Но вместо «Заткнись!», которого ждал, он услышал:
— Прекрасно. Вы готовы доказать это? Готовы помочь нам наказать антиреволюционные элементы?
— Да.
— Тогда пошли.
— Одну минуту, пожалуйста.
И он вошел в дом. Они не препятствовали ему и даже не последовали за ним. Он подошел к изголовью кровати и, не зажигая лампы, произнес:
— Дорогая, это ребята. Мы сходим и вернемся через полчаса — через час… — Он виновато улыбнулся: — Ты же знаешь ребят, знаешь их привычки, спи…
Он взглянул на спящего сына, который ровно и часто дышал, и бросился за дверь. Это мгновение потребовало всех его сил и выдержки. Если бы жена произнесла хотя бы одно слово, все рухнуло бы. Ведь он так любит своего сына, все, что он делает, — это только ради сына, ему он хотел бы оставить свое поэтическое наследство, он мечтал, что с самого детства вольет в его кровь поэзию, направит его жизнь в поэтическое русло, сделает все, чтобы сын стал таким большим поэтом, что слава его затмит славу отца! Только здесь его честолюбие отступало.
Кем станет его сын, если он вдруг умрет? Кто знает! Может, тем, кто далек от поэзии на много фарсангов? Может, бездомным бродягой? Или человеком, начисто лишенным духовности? Подобным тем, что вокруг него.

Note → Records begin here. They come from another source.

(* Let $\mathbf{X}=(X_n)_{n\ge0}$ be a second-order stationary process whose covariance satisfies $|\sigma_X(h)|\le c\,h^{-\alpha}$ for all $h\ge1$, for some $c>0$ and $0<\alpha<1$. Let $(T_n)_{n\ge0}$ be a random walk independent of $\mathbf{X}$ with $T_0=0$ and i.i.d. increments with law $S$ on $\{1,2,\dots\}$, and let $Y_n=X_{T_n}$ with covariance $\sigma_Y$. If for some $\beta\in(0,1)$ $$\liminf_{x\to\infty}x^{\beta}P(T_1>x)>0,$$ then there is a constant $C$ such that $|\sigma_Y(h)|\le C\,h^{-\alpha/\beta}$ for all $h\ge1$. *)

theory Defs
  imports "HOL-Probability.Probability"
begin

definition cov :: "'a measure \<Rightarrow> ('a \<Rightarrow> real) \<Rightarrow> ('a \<Rightarrow> real) \<Rightarrow> real" where
  "cov M U V = (\<integral>\<omega>. (U \<omega> - (\<integral>\<omega>'. U \<omega>' \<partial>M)) * (V \<omega> - (\<integral>\<omega>'. V \<omega>' \<partial>M)) \<partial>M)"

end

theory Submission
  imports Defs
begin

text \<open>
  Conditioning on the walk, which is independent of X, turns Cov(Y_n, Y_(n+h)) into
  E \<sigma>_X(D) with D = T_(n+h) - T_n, a sum of h i.i.d. increments each \<ge> 1; so its modulus is at
  most c E D^(-\<alpha>). The tail assumption gives P(T_1 > x) \<ge> \<kappa> x^(-\<beta>) for x \<ge> 1, hence by
  independence P(D \<le> x) \<le> exp(-h \<kappa> x^(-\<beta>)). Splitting E D^(-\<alpha>) over the dyadic shells
  a 2^(-k-1) < D \<le> a 2^(-k) with a = h^(1/\<beta>), shell k contributes at most
  h^(-\<alpha>/\<beta>) 2^((k+1)\<alpha>) exp(-\<kappa> 2^(k\<beta>)), which is summable in k.
\<close>

lemma powr_neg_le_1:
  fixes x b :: real
  assumes "1 \<le> x" "0 \<le> b"
  shows "x powr (-b) \<le> 1"
  using ge_one_powr_ge_zero[OF assms] by (simp add: powr_minus inverse_le_1_iff)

Подобным вот этому, с автоматом, который идет навстречу и вкладывает в его руки омерзительное холодное железо.
Его уязвило, что ему поверили так быстро. С ним обращались уже не как с пленным или арестованным, а как со своим, таким же, как они. Неужели они считали его до такой степени слабым и легко приручаемым? А разве это не так? Он уже не помышлял о бегстве: их было слишком много. Кроме того — дом, жена, ребенок… Он не думал о смерти. Не думал ни о чем. Он просто шагал рядом с ними, тихий, прирученный, полусонный. (Сам он добавил бы: «И напуганный».)
Он немного пришел в себя лишь тогда, когда они очутились возле знакомого дома. Возле дома другого поэта, его друга. Прежде чем позвонить, один сказал:
— На этой охоте все поэты стали нашими.
И все засмеялись.
— Все поэты — хлипкие, — заявил другой. — Дай бог, этот будет покрепче.
И все опять засмеялись.
Да, действительно они были на охоте.
Они нажали кнопку звонка и затихли. Замерли. Затаили дыхание. Навострили уши. Послышались шаги жертвы, дверь открылась, и дичь попала в капкан.